**About this task**
Look through the records, and whenever a line includes the word "begin", copy it.

[Opening Exercise input section]

(* Let $f_k:\mathbb{R}^n\to\mathbb{R}$ be convex, continuously differentiable, $L_k$-smooth and bounded below, $k=1,\dots,N$, and let $L_{\max}=\max_kL_k$. Set $\tau=\frac{2}{\mu_{\min}+L_{\max}}$ if every $f_k$ is additionally $\mu_k$-strongly convex (with $\mu_{\min}=\min_k\mu_k$), and $\tau=\frac1{L_{\max}}$ otherwise. Let $G_\theta$ be any of the parametrisations (P1)–(P4) and $\tilde\theta$ a parameter with $G_{\tilde\theta}=\tau I$. Given initial points $x_k^0$, define iterates $x_k^{t+1}=x_k^t-G_{\theta_t}\nabla f_k(x_k^t)$, where at each $t$ the parameter $\theta_t$ satisfies $g_t(\theta_t)\le g_t(\tilde\theta)$, with $g_t(\theta)=\frac1N\sum_{k=1}^N f_k(x_k^t-G_\theta\nabla f_k(x_k^t))$. Then $\nabla f_k(x_k^t)\to0$ as $t\to\infty$ for every $k\in\{1,\dots,N\}$.
   Context: Parametrisations: (P1) $G_\alpha=\alpha I$; (P2) $G_p=\operatorname{diag}(p)$; (P3) $G_P=P\in\mathbb{R}^{n\times n}$; (P4) $G_\kappa x=\kappa\ast x$ (2D zero-padded convolution of an image $x\in\mathbb{R}^{m_1\times m_2}$, $n=m_1m_2$, with a kernel $\kappa$). A function is $L$-smooth if its gradient is $L$-Lipschitz; $\mu$-strongly convex if $f-\frac\mu2\|\cdot\|_2^2$ is convex. *)

theory Defs
  imports "HOL-Analysis.Analysis"
begin

definition strongly_convex :: "real \<Rightarrow> ('a::real_inner \<Rightarrow> real) \<Rightarrow> bool" where
  "strongly_convex mu f \<longleftrightarrow> convex_on UNIV (\<lambda>x. f x - mu / 2 * (norm x)^2)"

definition P1 :: "real \<Rightarrow> real^'n \<Rightarrow> real^'n" where
  "P1 alpha x = alpha *\<^sub>R x"

definition P2 :: "real^'n \<Rightarrow> real^'n \<Rightarrow> real^'n" where
  "P2 p x = (\<chi> i. p $ i * x $ i)"

definition P3 :: "real^'n^'n \<Rightarrow> real^'n \<Rightarrow> real^'n" where
  "P3 P x = P *v x"

definition pos :: "'a::{finite,linorder} \<Rightarrow> int" where
  "pos i = int (card {j. j < i})"

text \<open>(P4) G_kappa x = kappa * x: 2D zero-padded ("same") convolution of an image
  x in R^(m1 x m2) (pixels indexed by 'm1 x 'm2) with a kernel kappa, given by its
  values at integer offsets; entries outside the image are treated as zero.\<close>
definition P4 :: "(int \<times> int \<Rightarrow> real) \<Rightarrow> real^('m1::{finite,linorder} \<times> 'm2::{finite,linorder})
                    \<Rightarrow> real^('m1 \<times> 'm2)" where
  "P4 kappa x = (\<chi> ij. \<Sum>kl\<in>UNIV. kappa (pos (fst ij) - pos (fst kl), pos (snd ij) - pos (snd kl)) * x $ kl)"

definition thm13_claim :: "('p \<Rightarrow> real^'n \<Rightarrow> real^'n) \<Rightarrow> bool" where
  "thm13_claim G \<longleftrightarrow>
    (\<forall>(N::nat) (f::nat \<Rightarrow> real^'n \<Rightarrow> real) (grad::nat \<Rightarrow> real^'n \<Rightarrow> real^'n)
       (L::nat \<Rightarrow> real) (mu::nat \<Rightarrow> real) (tau::real) (theta_tilde::'p)
       (x::nat \<Rightarrow> nat \<Rightarrow> real^'n) (theta::nat \<Rightarrow> 'p).
      let Lmax = Max (L ` {1..N});
          g = (\<lambda>t th. (1 / real N) * (\<Sum>k=1..N. f k (x k t - G th (grad k (x k t)))))
      in
      N \<ge> 1 \<longrightarrow>
      (\<forall>k\<in>{1..N}. convex_on UNIV (f k)) \<longrightarrow>
      (\<forall>k\<in>{1..N}. \<forall>y. (f k has_derivative (\<lambda>h. grad k y \<bullet> h)) (at y)) \<longrightarrow>
      (\<forall>k\<in>{1..N}. continuous_on UNIV (grad k)) \<longrightarrow>
      (\<forall>k\<in>{1..N}. 0 < L k \<and> (\<forall>y z. norm (grad k y - grad k z) \<le> L k * norm (y - z))) \<longrightarrow>
      (\<forall>k\<in>{1..N}. bdd_below (range (f k))) \<longrightarrow>
      (tau = 1 / Lmax \<or>
        ((\<forall>k\<in>{1..N}. 0 < mu k \<and> strongly_convex (mu k) (f k)) \<and>
         tau = 2 / (Min (mu ` {1..N}) + Lmax))) \<longrightarrow>
      G theta_tilde = (\<lambda>v. tau *\<^sub>R v) \<longrightarrow>
      (\<forall>k\<in>{1..N}. \<forall>t. x k (Suc t) = x k t - G (theta t) (grad k (x k t))) \<longrightarrow>
      (\<forall>t. g t (theta t) \<le> g t theta_tilde) \<longrightarrow>
      (\<forall>k\<in>{1..N}. (\<lambda>t. grad k (x k t)) \<longlonglongrightarrow> 0))"

end

theory Submission imports Defs begin

text \<open>Whatever parameter \<open>\<theta>\<^sub>t\<close> is chosen, the averaged objective after the step is at most what
  the plain gradient step \<open>x - \<tau> \<nabla>f(x)\<close> achieves, and by the descent lemma that step lowers
  each \<open>f\<^sub>k\<close> by \<open>\<tau>(1 - L\<^sub>k\<tau>/2) \<parallel>\<nabla>f\<^sub>k(x)\<parallel>\<^sup>2\<close> with \<open>L\<^sub>k\<tau> < 2\<close>. Hence \<open>\<Sum>\<^sub>k f\<^sub>k(x\<^sub>k\<^sup>t)\<close> decreases by a
  positive multiple of the squared gradient norms; being bounded below, the decreases are summable,
  so the gradients tend to zero.\<close>

lemma descent_lemma:
  fixes f :: "'a::real_inner \<Rightarrow> real"
  assumes der: "\<And>y. (f has_derivative (\<lambda>h. grad y \<bullet> h)) (at y)"
    and lip: "\<And>y z. norm (grad y - grad z) \<le> L * norm (y - z)"
  shows "f (x + d) \<le> f x + grad x \<bullet> d + L / 2 * (norm d)\<^sup>2"
proof -
  define \<psi> where "\<psi> s = f (x + s *\<^sub>R d) - s * (grad x \<bullet> d) - L / 2 * s\<^sup>2 * (norm d)\<^sup>2" for s
  have "\<psi> 1 \<le> \<psi> 0"
  proof (rule DERIV_nonpos_imp_nonincreasing[of 0 1])
    fix s :: real assume s: "0 \<le> s" "s \<le> 1"
    have "((\<lambda>s. x + s *\<^sub>R d) has_derivative (\<lambda>h. h *\<^sub>R d)) (at s)"
      by (auto intro!: derivative_eq_intros)
    from has_derivative_compose[OF this der]
    have "((\<lambda>s. f (x + s *\<^sub>R d)) has_derivative (\<lambda>h. h * (grad (x + s *\<^sub>R d) \<bullet> d))) (at s)"
      by simp
    then have f_line: "((\<lambda>s. f (x + s *\<^sub>R d)) has_real_derivative grad (x + s *\<^sub>R d) \<bullet> d) (at s)"
      by (simp add: has_field_derivative_def mult_commute_abs)
    have D: "(\<psi> has_real_derivative
        grad (x + s *\<^sub>R d) \<bullet> d - grad x \<bullet> d - L / 2 * (2 * s) * (norm d)\<^sup>2) (at s)"
      unfolding \<psi>_def by (rule derivative_eq_intros f_line | simp)+
    have "(grad (x + s *\<^sub>R d) - grad x) \<bullet> d \<le> norm (grad (x + s *\<^sub>R d) - grad x) * norm d"
      by (rule norm_cauchy_schwarz)
    also have "\<dots> \<le> L * norm (s *\<^sub>R d) * norm d"
      using lip[of "x + s *\<^sub>R d" x] by (simp add: mult_right_mono)
    also have "\<dots> = L * s * (norm d)\<^sup>2"
      using s by (simp add: power2_eq_square)
    finally have "grad (x + s *\<^sub>R d) \<bullet> d - grad x \<bullet> d - L / 2 * (2 * s) * (norm d)\<^sup>2 \<le> 0"
      by (simp add: inner_diff_left)
    with D show "\<exists>y. (\<psi> has_real_derivative y) (at s) \<and> y \<le> 0" by blast
  qed simp
  then show ?thesis by (simp add: \<psi>_def)
qed

lemma gradient_step_decrease:
  fixes f :: "'a::real_inner \<Rightarrow> real"
  assumes "\<And>y. (f has_derivative (\<lambda>h. grad y \<bullet> h)) (at y)"
    and "\<And>y z. norm (grad y - grad z) \<le> L * norm (y - z)"
  shows "f (x - tau *\<^sub>R grad x) \<le> f x - tau * (1 - L * tau / 2) * (norm (grad x))\<^sup>2"
proof -
  have "f (x + - tau *\<^sub>R grad x)
      \<le> f x + grad x \<bullet> (- tau *\<^sub>R grad x) + L / 2 * (norm (- tau *\<^sub>R grad x))\<^sup>2"
    using assms by (rule descent_lemma)
  also have "\<dots> = f x - tau * (1 - L * tau / 2) * (norm (grad x))\<^sup>2"
    by (simp add: power2_norm_eq_inner[symmetric] power_mult_distrib algebra_simps power2_eq_square)
  finally show ?thesis by simp
qed

lemma step_size_admissible:
  fixes L mu :: "'i \<Rightarrow> real"
  assumes K: "finite K" "K \<noteq> {}"
    and L_pos: "\<forall>k\<in>K. 0 < L k"
    and tau: "tau = 1 / Max (L ` K) \<or>
      ((\<forall>k\<in>K. 0 < mu k) \<and> tau = 2 / (Min (mu ` K) + Max (L ` K)))"
  shows "0 < tau" and "\<And>k. k \<in> K \<Longrightarrow> L k * tau < 2"
proof -
  have L_le_Max: "L k \<le> Max (L ` K)" if "k \<in> K" for k
    using K that by simp
  obtain k0 where "k0 \<in> K" using K by blast
  then have Max_pos: "0 < Max (L ` K)"
    using L_pos L_le_Max[of k0] by fastforce
  have "0 < tau \<and> (\<forall>k\<in>K. L k * tau < 2)"
  proof (cases "tau = 1 / Max (L ` K)")
    case True
    have "L k * tau \<le> 1" if "k \<in> K" for k
      using L_le_Max[OF that] Max_pos by (simp add: True)
    moreover have "0 < tau" using True Max_pos by simp
    ultimately show ?thesis by force
  next
    case False
    with tau have mu_pos: "\<forall>k\<in>K. 0 < mu k"
      and tau_eq: "tau = 2 / (Min (mu ` K) + Max (L ` K))" by auto
    have Min_pos: "0 < Min (mu ` K)" using K mu_pos by simp
    show ?thesis
    proof (intro conjI ballI)
      show "0 < tau" using Min_pos Max_pos by (simp add: tau_eq)
      fix k assume "k \<in> K"
      then have "L k < Min (mu ` K) + Max (L ` K)"
        using L_le_Max[OF \<open>k \<in> K\<close>] Min_pos by linarith
      then show "L k * tau < 2"
        using Min_pos Max_pos by (simp add: tau_eq field_simps)
    qed
  qed
  then show "0 < tau" "\<And>k. k \<in> K \<Longrightarrow> L k * tau < 2" by auto
qed

lemma summable_decrease_of_bdd_below:
  fixes S a :: "nat \<Rightarrow> real"
  assumes decr: "\<And>t. S (Suc t) \<le> S t - a t"
    and a_nonneg: "\<And>t. 0 \<le> a t"
    and lower: "\<And>t. b \<le> S t"
  shows "summable a"
proof (rule summableI_nonneg_bounded[OF a_nonneg])
  fix n
  have "(\<Sum>t<n. a t) \<le> S 0 - S n"
  proof (induction n)
    case (Suc n)
    then show ?case using decr[of n] by simp
  qed simp
  then show "(\<Sum>t<n. a t) \<le> S 0 - b"
    using lower[of n] by linarith
qed

lemma tendsto_zero_of_summable_scaled_norm_square:
  fixes v :: "nat \<Rightarrow> 'a::real_normed_vector"
  assumes "summable (\<lambda>t. c * (norm (v t))\<^sup>2)" and "0 < c"
  shows "v \<longlonglongrightarrow> 0"
proof -
  have "(\<lambda>t. c * (norm (v t))\<^sup>2 / c) \<longlonglongrightarrow> 0"
    using summable_LIMSEQ_zero[OF assms(1)] by (rule tendsto_divide_zero)
  then have "(\<lambda>t. (norm (v t))\<^sup>2) \<longlonglongrightarrow> 0"
    using \<open>0 < c\<close> by simp
  then have "(\<lambda>t. sqrt ((norm (v t))\<^sup>2)) \<longlonglongrightarrow> sqrt 0"
    by (intro tendsto_intros)
  then show ?thesis by (simp add: tendsto_norm_zero_iff)
qed

lemma gradients_tendsto_zero_of_dominated_descent:
  fixes f :: "'i \<Rightarrow> 'a::real_inner \<Rightarrow> real" and x :: "'i \<Rightarrow> nat \<Rightarrow> 'a"
  assumes K: "finite K"
    and der: "\<And>k y. k \<in> K \<Longrightarrow> (f k has_derivative (\<lambda>h. grad k y \<bullet> h)) (at y)"
    and lip: "\<And>k y z. k \<in> K \<Longrightarrow> norm (grad k y - grad k z) \<le> L k * norm (y - z)"
    and tau_pos: "0 < tau" and tau_small: "\<And>k. k \<in> K \<Longrightarrow> L k * tau < 2"
    and bdd: "\<And>k. k \<in> K \<Longrightarrow> bdd_below (range (f k))"
    and dominated: "\<And>t. (\<Sum>k\<in>K. f k (x k (Suc t))) \<le> (\<Sum>k\<in>K. f k (x k t - tau *\<^sub>R grad k (x k t)))"
    and j: "j \<in> K"
  shows "(\<lambda>t. grad j (x j t)) \<longlonglongrightarrow> 0"
proof -
  define c where "c k = tau * (1 - L k * tau / 2)" for k
  have c_pos: "0 < c k" if "k \<in> K" for k
    using tau_pos tau_small[OF that] by (simp add: c_def)
  define S where "S t = (\<Sum>k\<in>K. f k (x k t))" for t
  define a where "a t = (\<Sum>k\<in>K. c k * (norm (grad k (x k t)))\<^sup>2)" for t
  have decrease: "S (Suc t) \<le> S t - a t" for t
  proof -
    have "S (Suc t) \<le> (\<Sum>k\<in>K. f k (x k t) - c k * (norm (grad k (x k t)))\<^sup>2)"
      unfolding S_def c_def using dominated
      by (rule order_trans) (intro sum_mono gradient_step_decrease der lip)
    also have "\<dots> = S t - a t"
      by (simp add: S_def a_def sum_subtractf)
    finally show ?thesis .
  qed
  have a_nonneg: "0 \<le> a t" for t
    unfolding a_def using c_pos by (intro sum_nonneg) (simp add: less_imp_le)
  obtain b where b: "b k \<le> f k y" if "k \<in> K" for k y
    using bdd unfolding bdd_below_def by (metis rangeI)
  have "(\<Sum>k\<in>K. b k) \<le> S t" for t
    unfolding S_def by (intro sum_mono b)
  with decrease a_nonneg have "summable a"
    by (rule summable_decrease_of_bdd_below)
  moreover have "norm (c j * (norm (grad j (x j t)))\<^sup>2) \<le> a t" for t
  proof -
    have "c j * (norm (grad j (x j t)))\<^sup>2 \<le> a t"
      unfolding a_def using K c_pos j by (intro member_le_sum) (simp_all add: less_imp_le)
    then show ?thesis using c_pos[OF j] by simp
  qed
  ultimately have "summable (\<lambda>t. c j * (norm (grad j (x j t)))\<^sup>2)"
    by (rule summable_comparison_test')
  then show ?thesis
    using c_pos[OF j] by (rule tendsto_zero_of_summable_scaled_norm_square)
qed

lemma thm13_claim_any_parametrisation: "thm13_claim (G :: 'p \<Rightarrow> real^'n \<Rightarrow> real^'n)"
  unfolding thm13_claim_def Let_def
proof (intro allI impI ballI)
  fix N :: nat and f :: "nat \<Rightarrow> real^'n \<Rightarrow> real" and grad :: "nat \<Rightarrow> real^'n \<Rightarrow> real^'n"
    and L mu :: "nat \<Rightarrow> real" and tau :: real and th and x :: "nat \<Rightarrow> nat \<Rightarrow> real^'n"
    and theta and j :: nat
  assume N: "1 \<le> N"
    and der: "\<forall>k\<in>{1..N}. \<forall>y. (f k has_derivative (\<lambda>h. grad k y \<bullet> h)) (at y)"
    and smooth: "\<forall>k\<in>{1..N}. 0 < L k \<and> (\<forall>y z. norm (grad k y - grad k z) \<le> L k * norm (y - z))"
    and bdd: "\<forall>k\<in>{1..N}. bdd_below (range (f k))"
    and tau: "tau = 1 / Max (L ` {1..N}) \<or>
      ((\<forall>k\<in>{1..N}. 0 < mu k \<and> strongly_convex (mu k) (f k)) \<and>
       tau = 2 / (Min (mu ` {1..N}) + Max (L ` {1..N})))"
    and G_th: "G th = (\<lambda>v. tau *\<^sub>R v)"
    and iter: "\<forall>k\<in>{1..N}. \<forall>t. x k (Suc t) = x k t - G (theta t) (grad k (x k t))"
    and better: "\<forall>t. 1 / real N * (\<Sum>k=1..N. f k (x k t - G (theta t) (grad k (x k t))))
      \<le> 1 / real N * (\<Sum>k=1..N. f k (x k t - G th (grad k (x k t))))"
    and j: "j \<in> {1..N}"
  have nonempty: "{1..N} \<noteq> {}" using N by simp
  have L_pos: "\<forall>k\<in>{1..N}. 0 < L k"
    using smooth by blast
  have "tau = 1 / Max (L ` {1..N}) \<or>
      ((\<forall>k\<in>{1..N}. 0 < mu k) \<and> tau = 2 / (Min (mu ` {1..N}) + Max (L ` {1..N})))"
    using tau by blast
  note admissible = step_size_admissible[OF finite_atLeastAtMost nonempty L_pos this]
  have "(\<Sum>k=1..N. f k (x k (Suc t))) \<le> (\<Sum>k=1..N. f k (x k t - tau *\<^sub>R grad k (x k t)))" for t
  proof -
    have "(\<Sum>k=1..N. f k (x k (Suc t))) = (\<Sum>k=1..N. f k (x k t - G (theta t) (grad k (x k t))))"
      using iter by (intro sum.cong) auto
    with better[rule_format, of t] N show ?thesis
      by (simp add: G_th divide_le_cancel)
  qed
  with j show "(\<lambda>t. grad j (x j t)) \<longlonglongrightarrow> 0"
    using der smooth bdd admissible
    by (intro gradients_tendsto_zero_of_dominated_descent[of "{1..N}" f grad L tau x j]) auto
qed

theorem mainTheorem13:
  shows "thm13_claim (P1 :: real \<Rightarrow> real^'n \<Rightarrow> real^'n)
       \<and> thm13_claim (P2 :: real^'n \<Rightarrow> real^'n \<Rightarrow> real^'n)
       \<and> thm13_claim (P3 :: real^'n^'n \<Rightarrow> real^'n \<Rightarrow> real^'n)
       \<and> thm13_claim (P4 :: (int \<times> int \<Rightarrow> real) \<Rightarrow> real^('m1::{finite,linorder} \<times> 'm2::{finite,linorder})
                             \<Rightarrow> real^('m1 \<times> 'm2))"
  by (simp add: thm13_claim_any_parametrisation)

end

[Closing Exercise input section]

**Answer below**
begin
theory Submission imports Defs begin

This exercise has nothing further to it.